text \<open>Homomorphisms with the same differences on S as \<phi>0 are translates of \<phi>0.\<close>
lemma card_hom_fiber_le_shifts:
  fixes B :: "(nat \<Rightarrow> 'a::{finite,comm_ring_1}) set"
  assumes B: "B \<subseteq> fvec m" and S: "S \<subseteq> B" "b1 \<in> S" and span: "B \<subseteq> aff_span S"
    and \<phi>0: "\<phi>0 \<in> nondeg_homs m n B A"
  shows "card {\<phi> \<in> nondeg_homs m n B A. \<forall>x\<in>S. (\<lambda>i. \<phi> x i - \<phi> b1 i) = (\<lambda>i. \<phi>0 x i - \<phi>0 b1 i)}
    \<le> card (shifts_into n (\<phi>0 ` B) A)"
proof -
  let ?fiber = "{\<phi> \<in> nondeg_homs m n B A. \<forall>x\<in>S. (\<lambda>i. \<phi> x i - \<phi> b1 i) = (\<lambda>i. \<phi>0 x i - \<phi>0 b1 i)}"
  define \<tau> where "\<tau> = (\<lambda>\<phi> :: (nat \<Rightarrow> 'a) \<Rightarrow> nat \<Rightarrow> 'a. \<lambda>i. \<phi> b1 i - \<phi>0 b1 i)"
  have shift: "\<forall>b\<in>B. \<phi> b = (\<lambda>i. \<phi>0 b i + \<tau> \<phi> i)" if "\<phi> \<in> ?fiber" for \<phi>
  proof -
    have "affine_hom m n B \<phi>" "affine_hom m n B \<phi>0"
      using that \<phi>0 by (simp_all add: nondeg_homs_def nondeg_hom_def)
    moreover have "\<forall>x\<in>S. (\<lambda>i. \<phi> x i - \<phi> b1 i) = (\<lambda>i. \<phi>0 x i - \<phi>0 b1 i)" using that by simp
    ultimately show ?thesis unfolding \<tau>_def by (rule affine_hom_eq_translate[OF B S span])
  qed
  have "\<tau> \<phi> \<in> shifts_into n (\<phi>0 ` B) A" if "\<phi> \<in> ?fiber" for \<phi>
  proof -
    have "b1 \<in> B" using S by blast
    then have "\<phi> b1 \<in> fvec n" "\<phi>0 b1 \<in> fvec n"
      using nondeg_homs_in_fvec[OF _ B] that \<phi>0 by auto
    then have "\<tau> \<phi> \<in> fvec n" by (simp add: \<tau>_def fvec_def)
    moreover have "\<phi> b \<in> A" if "b \<in> B" for b
      using \<open>\<phi> \<in> ?fiber\<close> that by (simp add: nondeg_homs_def nondeg_hom_def)
    ultimately show ?thesis using shift[OF that] by (auto simp: shifts_into_def)
  qed
  moreover have "inj_on \<tau> ?fiber"
  proof (rule inj_onI)
    fix \<phi> \<psi> assume \<phi>: "\<phi> \<in> ?fiber" and \<psi>: "\<psi> \<in> ?fiber" and "\<tau> \<phi> = \<tau> \<psi>"
    then have "\<phi> x = \<psi> x" for x
      using shift[OF \<phi>] shift[OF \<psi>] by (cases "x \<in> B") (simp_all add: nondeg_homs_def)
    then show "\<phi> = \<psi>" ..
  qed
  ultimately show ?thesis by (intro card_inj_on_le finite_shifts_into) auto
qed

lemma card_hom_fiber_le:
  fixes B :: "(nat \<Rightarrow> 'a::{finite,field}) set" and \<F> :: "'a config set"
  assumes B: "B \<subseteq> fvec m" and S: "S \<subseteq> B" "finite S" "aff_indep S" "b1 \<in> S"
    and span: "B \<subseteq> aff_span S" and fam: "\<forall>(k, F)\<in>\<F>. F \<subseteq> fvec k"
    and free: "\<forall>(k, C)\<in>conf_prod m B ` \<F>. \<not> affine_copy k n C A"
    and \<phi>0: "\<phi>0 \<in> nondeg_homs m n B A"
  shows "card {\<phi> \<in> nondeg_homs m n B A. \<forall>x\<in>S. (\<lambda>i. \<phi> x i - \<phi> b1 i) = (\<lambda>i. \<phi>0 x i - \<phi>0 b1 i)}
    \<le> card (UNIV :: 'a set) ^ (card S - 1) * ex_aff (n - (card S - 1)) \<F>"
proof -
  obtain f0 g0 where f0: "affine_map m n f0" "\<forall>b\<in>B. \<phi>0 b = f0 b"
    and g0: "affine_map n m g0" "\<forall>b\<in>B. g0 (\<phi>0 b) = b"
    using \<phi>0 unfolding nondeg_homs_def by (auto elim: nondeg_homE)
  have "\<forall>b\<in>B. g0 (f0 b) = b" using f0(2) g0(2) by simp
  then obtain J R where J: "J \<subseteq> {..<n}" "card J = card S - 1"
    and R: "coordinate_retraction n m J f0 B R"
    using exists_coordinate_retraction[OF B S(1-3) _ span f0(1) g0(1)] S(4) by blast
  have "\<phi>0 ` B = f0 ` B" using f0(2) by (simp cong: image_cong)
  then have "card {\<phi> \<in> nondeg_homs m n B A. \<forall>x\<in>S. (\<lambda>i. \<phi> x i - \<phi> b1 i) = (\<lambda>i. \<phi>0 x i - \<phi>0 b1 i)}
      \<le> card (shifts_into n (f0 ` B) A)"
    using card_hom_fiber_le_shifts[OF B S(1,4) span \<phi>0] by simp
  also have "\<dots> \<le> card (UNIV :: 'a set) ^ card J * ex_aff (n - card J) \<F>"
    by (rule card_shifts_into_le[OF B fam f0(1) J(1) R free])
  finally show ?thesis unfolding J(2) .
qed

lemma restrict_differences_eq_iff:
  assumes "b1 \<in> S"
  shows "restrict (\<lambda>x i. \<phi> x i - \<phi> b1 i) (S - {b1}) = restrict (\<lambda>x i. \<psi> x i - \<psi> b1 i) (S - {b1})
    \<longleftrightarrow> (\<forall>x\<in>S. (\<lambda>i. \<phi> x i - \<phi> b1 i) = (\<lambda>i. (\<psi> x i :: 'a::ab_group_add) - \<psi> b1 i))"
proof
  assume eq: "restrict (\<lambda>x i. \<phi> x i - \<phi> b1 i) (S - {b1}) = restrict (\<lambda>x i. \<psi> x i - \<psi> b1 i) (S - {b1})"
  show "\<forall>x\<in>S. (\<lambda>i. \<phi> x i - \<phi> b1 i) = (\<lambda>i. \<psi> x i - \<psi> b1 i)"
  proof
    fix x assume "x \<in> S"
    show "(\<lambda>i. \<phi> x i - \<phi> b1 i) = (\<lambda>i. \<psi> x i - \<psi> b1 i)"
    proof (cases "x = b1")
      case False
      then show ?thesis using fun_cong[OF eq, of x] \<open>x \<in> S\<close> by simp
    qed simp
  qed
next
  assume "\<forall>x\<in>S. (\<lambda>i. \<phi> x i - \<phi> b1 i) = (\<lambda>i. \<psi> x i - \<psi> b1 i)"
  then show "restrict (\<lambda>x i. \<phi> x i - \<phi> b1 i) (S - {b1}) = restrict (\<lambda>x i. \<psi> x i - \<psi> b1 i) (S - {b1})"
    by (intro restrict_ext) simp
qed

text \<open>A homomorphism is determined by its differences on S, which take at most
  (q^n)^(card S - 1) values, and by one translation.\<close>
lemma num_nondeg_hom_le:
  fixes B :: "(nat \<Rightarrow> 'a::{finite,field}) set" and \<F> :: "'a config set"
  assumes B: "B \<subseteq> fvec m" and S: "S \<subseteq> B" "finite S" "aff_indep S" "b1 \<in> S"
    and span: "B \<subseteq> aff_span S" and fam: "\<forall>(k, F)\<in>\<F>. F \<subseteq> fvec k"
    and free: "\<forall>(k, C)\<in>conf_prod m B ` \<F>. \<not> affine_copy k n C A"
  shows "num_nondeg_hom m n B A
    \<le> (card (UNIV :: 'a set) ^ n) ^ (card S - 1) * (card (UNIV :: 'a set) ^ (card S - 1) * ex_aff (n - (card S - 1)) \<F>)"
proof -
  let ?H = "nondeg_homs m n B A"
  define \<delta> where "\<delta> = (\<lambda>\<phi> :: (nat \<Rightarrow> 'a) \<Rightarrow> nat \<Rightarrow> 'a. restrict (\<lambda>x i. \<phi> x i - \<phi> b1 i) (S - {b1}))"
  define D where "D = PiE (S - {b1}) (\<lambda>_. fvec n :: (nat \<Rightarrow> 'a) set)"
  have "\<delta> \<phi> \<in> D" if "\<phi> \<in> ?H" for \<phi>
  proof -
    have "\<phi> x \<in> fvec n" if "x \<in> S" for x
      using nondeg_homs_in_fvec[OF \<open>\<phi> \<in> ?H\<close> B] S(1) that by blast
    then show ?thesis using S(4) by (simp add: D_def \<delta>_def fvec_def)
  qed
  moreover have "card {\<phi> \<in> ?H. \<delta> \<phi> = d}
      \<le> card (UNIV :: 'a set) ^ (card S - 1) * ex_aff (n - (card S - 1)) \<F>" for d
  proof (cases "\<exists>\<phi>0 \<in> ?H. \<delta> \<phi>0 = d")
    case True
    then obtain \<phi>0 where \<phi>0: "\<phi>0 \<in> ?H" "d = \<delta> \<phi>0" by blast
    then show ?thesis
      using card_hom_fiber_le[OF B S span fam free \<phi>0(1)]
      by (simp only: \<delta>_def restrict_differences_eq_iff[OF S(4)])
  next
    case False
    then have "{\<phi> \<in> ?H. \<delta> \<phi> = d} = {}" by blast
    then show ?thesis by (simp only: card.empty zero_le)
  qed
  ultimately have "card ?H \<le> card D * (card (UNIV :: 'a set) ^ (card S - 1) * ex_aff (n - (card S - 1)) \<F>)"
    by (intro card_le_fibers[OF finite_nondeg_homs[OF B]]) (auto simp: D_def S(2) finite_PiE finite_fvec)
  moreover have "card D \<le> (card (UNIV :: 'a set) ^ n) ^ (card S - 1)"
    using S(2,4) power_mono[OF card_fvec_le, of n "card S - 1"] by (simp add: D_def card_PiE)
  ultimately show ?thesis
    unfolding num_nondeg_hom_def nondeg_homs_def[symmetric] by (meson le_trans mult_le_mono1)
qed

——————————

When the word "ultimately" shows up in a line of the entries, pull that line out.

- **Finished task**
    ultimately show ?thesis unfolding \<tau>_def by (rule affine_hom_eq_translate[OF B S span])
    ultimately show ?thesis using shift[OF that] by (auto simp: shifts_into_def)
  ultimately show ?thesis by (intro card_inj_on_le finite_shifts_into) auto
  ultimately have "card ?H \<le> card D * (card (UNIV :: 'a set) ^ (card S - 1) * ex_aff (n - (card S - 1)) \<F>)"
  ultimately show ?thesis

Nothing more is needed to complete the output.